For the moment we just transform this generator into a regular list:

In [22]:
files_in_folder = folder.iterdir()

files_in_folder = list(files_in_folder)

files_in_folder

[PosixPath('/Users/gw18g940/GoogleDrive/DSL/Trainings/Crash_Course_DataSciPy/Day1/06-Flow_control.ipynb'),
 PosixPath('/Users/gw18g940/GoogleDrive/DSL/Trainings/Crash_Course_DataSciPy/Day1/environment.yml'),
 PosixPath('/Users/gw18g940/GoogleDrive/DSL/Trainings/Crash_Course_DataSciPy/Day1/03-Functions_packages.ipynb'),
 PosixPath('/Users/gw18g940/GoogleDrive/DSL/Trainings/Crash_Course_DataSciPy/Day1/README.md'),
 PosixPath('/Users/gw18g940/GoogleDrive/DSL/Trainings/Crash_Course_DataSciPy/Day1/05-File_handling.ipynb'),
 PosixPath('/Users/gw18g940/GoogleDrive/DSL/Trainings/Crash_Course_DataSciPy/Day1/02-Variables.ipynb'),
 PosixPath('/Users/gw18g940/GoogleDrive/DSL/Trainings/Crash_Course_DataSciPy/Day1/01-Notebooks.ipynb'),
 PosixPath('/Users/gw18g940/GoogleDrive/DSL/Trainings/Crash_Course_DataSciPy/Day1/04-Data_structures.ipynb')]

### Investigating files

Our goal will be to analyze all the notebook files in that folder. However we will need to do some clean-up first as some of the files should be discarded.
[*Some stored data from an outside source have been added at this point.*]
lemma tower_level_continuation:
  assumes K_fin: "finite_dimension (frob ` carrier R) (carrier R)"
    and level: "tower_level r m L"
  obtains T where "T 0 = L" "\<And>i. subfield (T i) R"
    "\<And>i. T i = generate_field R (T (Suc i) \<union> frob_image R p (Suc m + i))"
    "\<And>i. dimension (p ^ r) (T (Suc i)) (T i)"
proof -
  have "\<exists>T. \<forall>i. (tower_level r (m + i) (T i) \<and> (i = 0 \<longrightarrow> T i = L)) \<and>
      generate_field R (T (Suc i) \<union> frob_image R p (Suc (m + i))) = T i"
  proof (rule dependent_nat_choice)
    show "\<exists>M. tower_level r (m + 0) M \<and> (0 = 0 \<longrightarrow> M = L)" using level by auto
  next
    fix M i assume "tower_level r (m + i) M \<and> (i = 0 \<longrightarrow> M = L)"
    then obtain M' where "tower_level r (Suc (m + i)) M'"
      "generate_field R (M' \<union> frob_image R p (Suc (m + i))) = M"
      using tower_level_extend[OF K_fin] by blast
    then show "\<exists>M'. (tower_level r (m + Suc i) M' \<and> (Suc i = 0 \<longrightarrow> M' = L)) \<and>
        generate_field R (M' \<union> frob_image R p (Suc (m + i))) = M"
      by auto
  qed
  then obtain T where T: "\<And>i. tower_level r (m + i) (T i) \<and> (i = 0 \<longrightarrow> T i = L) \<and>
      generate_field R (T (Suc i) \<union> frob_image R p (Suc (m + i))) = T i"
    by blast
  show thesis
  proof (rule that)
    show "T 0 = L" using T[of 0] by simp
    show "subfield (T i) R" for i using T[of i] unfolding tower_level_def by simp
    show "T i = generate_field R (T (Suc i) \<union> frob_image R p (Suc m + i))" for i
      using T[of i] by simp
    show "dimension (p ^ r) (T (Suc i)) (T i)" for i
      using T[of i] T[of "Suc i"] unfolding tower_level_def by simp
  qed
qed

lemma power_tower_step:
  "power_tower R p W \<Longrightarrow> W i = generate_field R (W (Suc i) \<union> frob_image R p i)"
  unfolding power_tower_def composite_def by simp

lemma power_tower_0:
  assumes "power_tower R p W"
  shows "W 0 = carrier R"
proof -
  have "carrier R \<subseteq> W 0"
    using power_tower_step[OF assms, of 0] frob_image_0 by (auto intro: generate_field.incl)
  then show ?thesis
    using subfieldE(3) assms unfolding power_tower_def by blast
qed

lemma n_foliation_rank_pos:
  assumes fol: "n_foliation R p (Suc m) r W"
  shows "r \<ge> 1"
proof (rule ccontr)
  assume "\<not> r \<ge> 1"
  then have "r = 0" by simp
  then have tower: "power_tower R p W" and "dimension 1 (W (Suc m)) (W m)"
    using fol unfolding n_foliation_def ext_degree_def by auto
  moreover have "W (Suc m) \<subseteq> W m"
    using power_tower_step[OF tower, of m] by (auto intro: generate_field.incl)
  ultimately have eq: "W m = W (Suc m)"
    using dimension_one_imp_eq power_tower_def by blast
  have len: "tower_length W (Suc m)" using fol unfolding n_foliation_def by simp
  then have stable: "\<And>N. N \<ge> Suc m \<Longrightarrow> W N = W (Suc m)" unfolding tower_length_def by blast
  have "\<forall>m' < Suc m. \<not> (\<forall>N \<ge> m'. W N = W m')"
    using len unfolding tower_length_def by (rule conjunct2)
  then have minimal: "\<not> (\<forall>N \<ge> m. W N = W m)" by simp
  have "W N = W m" if "N \<ge> m" for N
    using that stable[of N] eq by (cases "N = m") auto
  then show False using minimal by blast
qed

lemma n_foliation_tower_level:
  assumes fol: "n_foliation R p (Suc m) r W"
  shows "tower_level r m (W (Suc m))"
proof -
  have tower: "power_tower R p W" and dim: "\<And>i. i < Suc m \<Longrightarrow> dimension (p ^ r) (W (Suc i)) (W i)"
    using fol unfolding n_foliation_def ext_degree_def by auto
  have sub: "subfield (W i) R" for i using tower unfolding power_tower_def by blast
  have "finite_dimension (W i) (carrier R)" if "i \<le> Suc m" for i
    using that
  proof (induction i)
    case 0
    then show ?case using power_tower_0[OF tower] finite_dimensionI[OF dimension_one] carrier_is_subfield
      by metis
  next
    case (Suc i)
    then show ?case
      using telescopic_base_dim(1)[OF sub sub finite_dimensionI[OF dim]] by simp
  qed
  moreover have "frob_image R p (Suc m) \<subseteq> W (Suc m)"
    using power_tower_step[OF tower, of "Suc m"] by (auto intro: generate_field.incl)
  ultimately show ?thesis
    unfolding tower_level_def using sub dim[of m] power_tower_step[OF tower, of m] by simp
qed

lemma inf_foliation_concat:
  assumes "r \<ge> 1" and tower: "power_tower R p W"
    and dim: "\<And>i. i < n \<Longrightarrow> dimension (p ^ r) (W (Suc i)) (W i)"
    and T: "T 0 = W n" "\<And>i. subfield (T i) R"
      "\<And>i. T i = generate_field R (T (Suc i) \<union> frob_image R p (n + i))"
      "\<And>i. dimension (p ^ r) (T (Suc i)) (T i)"
  shows "inf_foliation R p r (\<lambda>i. if i \<le> n then W i else T (i - n))"
    (is "inf_foliation R p r ?W'")
proof -
  have step: "?W' i = generate_field R (?W' (Suc i) \<union> frob_image R p i) \<and>
      dimension (p ^ r) (?W' (Suc i)) (?W' i)" for i
  proof (cases "i < n")
    case True
    then show ?thesis using power_tower_step[OF tower, of i] dim[of i] by simp
  next
    case False
    then obtain j where i: "i = n + j" using le_Suc_ex by (metis not_less)
    then have "?W' i = T j" "?W' (Suc i) = T (Suc j)" using T(1) by auto
    then show ?thesis using T(3,4)[of j] i by simp
  qed
  have "subfield (W i) R" for i using tower unfolding power_tower_def by blast
  then have "subfield (?W' i) R" for i using T(2) by simp
  then have "power_tower R p ?W'"
    by (rule power_tower_of_steps) (use step in blast)
  then show ?thesis
    unfolding inf_foliation_def ext_degree_def using \<open>r \<ge> 1\<close> step by blast
qed

end

theorem mainTheorem14:
  fixes R :: "('a, 'b) ring_scheme" and p n r :: nat and W :: "nat \<Rightarrow> 'a set"
  assumes "field R"
    and "Factorial_Ring.prime p"
    and "[p] \<cdot>\<^bsub>R\<^esub> \<one>\<^bsub>R\<^esub> = \<zero>\<^bsub>R\<^esub>"
    and "\<exists>S. finite S \<and> S \<subseteq> carrier R \<and>
           generate_field R (perfect_core R p \<union> S) = carrier R"
    and "n \<ge> 1"
    and "n_foliation R p n r W"
  shows "\<exists>W'. inf_foliation R p r W' \<and> (\<forall>i\<le>n. W' i = W i)"
proof -
  interpret char_p_field R p
    using assms(1-3) by (simp add: char_p_field_def char_p_field_axioms_def)
  obtain m where n: "n = Suc m" using assms(5) by (cases n) auto
  have tower: "power_tower R p W" and dim: "\<And>i. i < n \<Longrightarrow> dimension (p ^ r) (W (Suc i)) (W i)"
    using assms(6) unfolding n_foliation_def ext_degree_def by auto
  obtain T where "T 0 = W n" "\<And>i. subfield (T i) R"
    "\<And>i. T i = generate_field R (T (Suc i) \<union> frob_image R p (n + i))"
    "\<And>i. dimension (p ^ r) (T (Suc i)) (T i)"
    using tower_level_continuation[OF finite_dimension_carrier_over_frob_image[OF assms(4)]
        n_foliation_tower_level[OF assms(6)[unfolded n]]] unfolding n by blast
  then have "inf_foliation R p r (\<lambda>i. if i \<le> n then W i else T (i - n))"
    using inf_foliation_concat[OF n_foliation_rank_pos[OF assms(6)[unfolded n]] tower dim] by blast
  then show ?thesis by (intro exI[of _ "\<lambda>i. if i \<le> n then W i else T (i - n)"]) auto
qed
Again, each of the elements of ```files_in_folder``` is a ```Path``` object and we can get multiple features such as: 
- the folder the file belongs to:

In [23]:
files_in_folder[0].parent

PosixPath('/Users/gw18g940/GoogleDrive/DSL/Trainings/Crash_Course_DataSciPy/Day1')

- the name of the file:

In [24]:
files_in_folder[0].name

'06-Flow_control.ipynb'

- the two parts of the file: name and extension:

In [25]:
files_in_folder[0].stem

'06-Flow_control'

In [26]:
files_in_folder[0].suffix

'.ipynb'

While all these elements could be recovered from a path represented as a simple string, the ```Path``` object just makes this massively easier, so we definitely recommend to use it!

## Other functions and modules

A few other functionalities are useful to know. For example you can directly find files containing certain sub-texts using the `glob` function:

In [28]:
folder.glob('*.ipynb')

<generator object Path.glob at 0x105766790>

The `os` module can also be very useful. It gives you a lot of information about your system, includng current location etc. For example:

In [29]:
import os

os.getcwd()

'/Users/gw18g940/GoogleDrive/DSL/Trainings/Crash_Course_DataSciPy/Day1'

Here we can see that the current location is the folder where this notebook is located. Naturally, we can transform the returned path into a `Path` object to further manipulate it:

In [31]:
Path(os.getcwd())

PosixPath('/Users/gw18g940/GoogleDrive/DSL/Trainings/Crash_Course_DataSciPy/Day1')

We can also create new directories using the `mkdir` method:

In [33]:
newfolder = folder.joinpath('newfolder')
newfolder.mkdir(parents=True, exist_ok=True)

## Exeracise

1. Create a Path object that points ot the main course reposiitory on your computer (the one containing the Da1, Day2 etc. folders).
2. Create a list of the contents of that directory.
3. For a few of the files, check if they are files or directories.
4. Create a new folder in that directory called `myfolder`.